lemma cylf_le_power:
  assumes "sym_stoch Q0" "\<And>x y. Q0 x y \<le> m" "m \<le> 1" "0 \<le> m + (1 - m) * P0 0"
  shows "cylf (Tmap P0 c \<epsilon> Q0 Q1) (b # bs) \<eta>
           \<le> (m + (1 - m) * P0 0) ^ length bs * (if \<eta> 0 = b then 1 else 0)"
proof (induction bs arbitrary: b \<eta>)
  case Nil
  show ?case by (simp add: Tmap_const_one)
next
  case (Cons b' bs)
  have "Tmap P0 c \<epsilon> Q0 Q1 (cylf (Tmap P0 c \<epsilon> Q0 Q1) (b' # bs)) \<eta>
          \<le> (m + (1 - m) * P0 0) ^ length bs * (m + (1 - m) * P0 0)"
    by (rule Tmap_le_fixed_spin[where m = m and s = b'])
      (rule assms(1), rule assms(2), rule assms(3), simp add: assms(4), rule Cons.IH)
  then show ?case by (simp add: mult.commute)
qed

lemma integral_cylf_le_power:
  assumes "prob_space N" "sym_stoch Q0" "\<And>x y. Q0 x y \<le> m" "m \<le> 1" "0 \<le> m + (1 - m) * P0 0"
  shows "(\<integral>\<eta>. cylf (Tmap P0 c \<epsilon> Q0 Q1) (b # bs) \<eta> \<partial>N) \<le> (m + (1 - m) * P0 0) ^ length bs"
proof (rule prob_space.integral_le_const_nonneg[OF assms(1) cylf_nonneg])
  fix \<eta>
  have "cylf (Tmap P0 c \<epsilon> Q0 Q1) (b # bs) \<eta>
          \<le> (m + (1 - m) * P0 0) ^ length bs * (if \<eta> 0 = b then 1 else 0)"
    using assms(2-5) by (rule cylf_le_power)
  also have "\<dots> \<le> (m + (1 - m) * P0 0) ^ length bs"
    using assms(5) by simp
  finally show "cylf (Tmap P0 c \<epsilon> Q0 Q1) (b # bs) \<eta> \<le> (m + (1 - m) * P0 0) ^ length bs" .
qed

end

lemma emeasure_singleton_le_cylinder:
  assumes "prob_space N" "sets N = sets Omega_plus"
  shows "emeasure N {z} \<le> ennreal (measure N {\<zeta> \<in> space Omega_plus. \<forall>i < n. \<zeta> i = z i})"
proof -
  interpret prob_space N by fact
  have "{\<zeta> \<in> space Omega_plus. \<forall>i < n. \<zeta> i = z i} \<in> sets N"
    unfolding assms(2) Omega_plus_def by measurable
  moreover have "{z} \<subseteq> {\<zeta> \<in> space Omega_plus. \<forall>i < n. \<zeta> i = z i}"
    by (simp add: Omega_plus_def space_PiM)
  ultimately have "emeasure N {z} \<le> emeasure N {\<zeta> \<in> space Omega_plus. \<forall>i < n. \<zeta> i = z i}"
    by (intro emeasure_mono)
  then show ?thesis by (simp add: emeasure_eq_measure)
qed

lemma ennreal_le_geometric_imp_zero:
  fixes x :: ennreal and \<theta> :: real
  assumes "\<And>n. x \<le> ennreal (\<theta> ^ n)" "0 \<le> \<theta>" "\<theta> < 1"
  shows "x = 0"
proof -
  have "(\<lambda>n. ennreal (\<theta> ^ n)) \<longlonglongrightarrow> ennreal 0"
    using assms(2,3) by (intro tendsto_ennrealI LIMSEQ_power_zero) auto
  then have "x \<le> 0" using assms(1) by (intro LIMSEQ_le_const) auto
  then show ?thesis by simp
qed

theorem lemma2:
  fixes P0 c :: "(int ^ ('d::finite)) \<Rightarrow> real" and \<epsilon> :: real
    and Q0 Q1 :: "bool \<Rightarrow> bool \<Rightarrow> real"
    and M \<mu>bar :: real
    and PiI :: "'d config measure"
    and wp :: "(nat \<Rightarrow> bool) measure"
  assumes walk: "walk_assumptions P0 c \<epsilon>"
    and Q0: "sym_stoch Q0" "0 < \<bar>second_eig Q0\<bar>" "\<bar>second_eig Q0\<bar> < 1"
    and Q1: "sym_stoch Q1"
    and M: "M > 1"
    and T_HM: "\<forall>f \<in> HM M. Tmap P0 c \<epsilon> Q0 Q1 f \<in> HM M"
    and Pi_prob: "prob_space PiI"
    and Pi_dens: "\<exists>\<rho> C. \<rho> \<in> borel_measurable Pi0 \<and> (\<forall>\<eta>. 0 \<le> \<rho> \<eta> \<and> \<rho> \<eta> \<le> C) \<and>
                        PiI = density Pi0 (\<lambda>\<eta>. ennreal (\<rho> \<eta>))"
    and Pi_inv: "\<forall>A \<in> sets (Omega_M :: 'd config measure).
                   (\<integral>\<eta>. Tmap P0 c \<epsilon> Q0 Q1 (indicator A :: 'd config \<Rightarrow> real) \<eta> \<partial>PiI) = measure PiI A"
    and mubar: "0 < \<mu>bar" "\<mu>bar < 1"
    and contr: "\<forall>f \<in> HM M. (\<integral>\<eta>. f \<eta> \<partial>PiI) = 0 \<longrightarrow>
                   normM M (Tmap P0 c \<epsilon> Q0 Q1 f) \<le> ennreal \<mu>bar * normM M f"
    and mustar: "M * sqrt (\<mu>bar * (1 + 2 * \<mu>bar)) < 1"
    and wp_prob: "prob_space wp" "sets wp = sets Omega_plus"
    and wp_law: "\<forall>bs. measure wp {\<zeta> \<in> space Omega_plus. \<forall>i < length bs. \<zeta> i = bs ! i}
                        = (\<integral>\<eta>. cylf (Tmap P0 c \<epsilon> Q0 Q1) bs \<eta> \<partial>PiI)"
  shows "\<forall>z. emeasure wp {z} = 0"
proof
  fix z :: "nat \<Rightarrow> bool"
  obtain m where m: "0 \<le> m" "m < 1" "\<And>x y. Q0 x y \<le> m"
    using sym_stoch_entries_bounded[OF Q0(1) Q0(3)] by blast
  define \<theta> where "\<theta> = m + (1 - m) * P0 0"
  have \<theta>: "0 \<le> \<theta>" "\<theta> < 1"
    unfolding \<theta>_def using convex_comb_P0_zero_bounds[OF walk m(1,2)] by simp_all
  show "emeasure wp {z} = 0"
  proof (rule ennreal_le_geometric_imp_zero[OF _ \<theta>])
    fix n
    have "emeasure wp {z} \<le> ennreal (measure wp {\<zeta> \<in> space Omega_plus. \<forall>i < Suc n. \<zeta> i = z i})"
      by (rule emeasure_singleton_le_cylinder[OF wp_prob])
    also have "measure wp {\<zeta> \<in> space Omega_plus. \<forall>i < Suc n. \<zeta> i = z i}
        = (\<integral>\<eta>. cylf (Tmap P0 c \<epsilon> Q0 Q1) (map z [0..<Suc n]) \<eta> \<partial>PiI)"
      using wp_law[rule_format, of "map z [0..<Suc n]"] by (simp del: upt_Suc)
    also have "map z [0..<Suc n] = z 0 # map z [1..<Suc n]"
      by (simp add: upt_conv_Cons del: upt_Suc)
    also have "(\<integral>\<eta>. cylf (Tmap P0 c \<epsilon> Q0 Q1) (z 0 # map z [1..<Suc n]) \<eta> \<partial>PiI)
        \<le> \<theta> ^ length (map z [1..<Suc n])"
      unfolding \<theta>_def using \<theta>(1) m(2)
      by (intro integral_cylf_le_power[OF walk Pi_prob Q0(1), where m = m] m(3)) (simp_all add: \<theta>_def)
    finally show "emeasure wp {z} \<le> ennreal (\<theta> ^ n)" by (simp add: ennreal_leI del: upt_Suc)
  qed
qed

end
****
Problem to solve: The lines in the records above that include the word "using" must be copied out.

Exercise output:
    using assms(2-5) by (rule cylf_le_power)
    using assms(5) by simp
    using assms(2,3) by (intro tendsto_ennrealI LIMSEQ_power_zero) auto
  then have "x \<le> 0" using assms(1) by (intro LIMSEQ_le_const) auto
    using sym_stoch_entries_bounded[OF Q0(1) Q0(3)] by blast
    unfolding \<theta>_def using convex_comb_P0_zero_bounds[OF walk m(1,2)] by simp_all
      using wp_law[rule_format, of "map z [0..<Suc n]"] by (simp del: upt_Suc)
      unfolding \<theta>_def using \<theta>(1) m(2)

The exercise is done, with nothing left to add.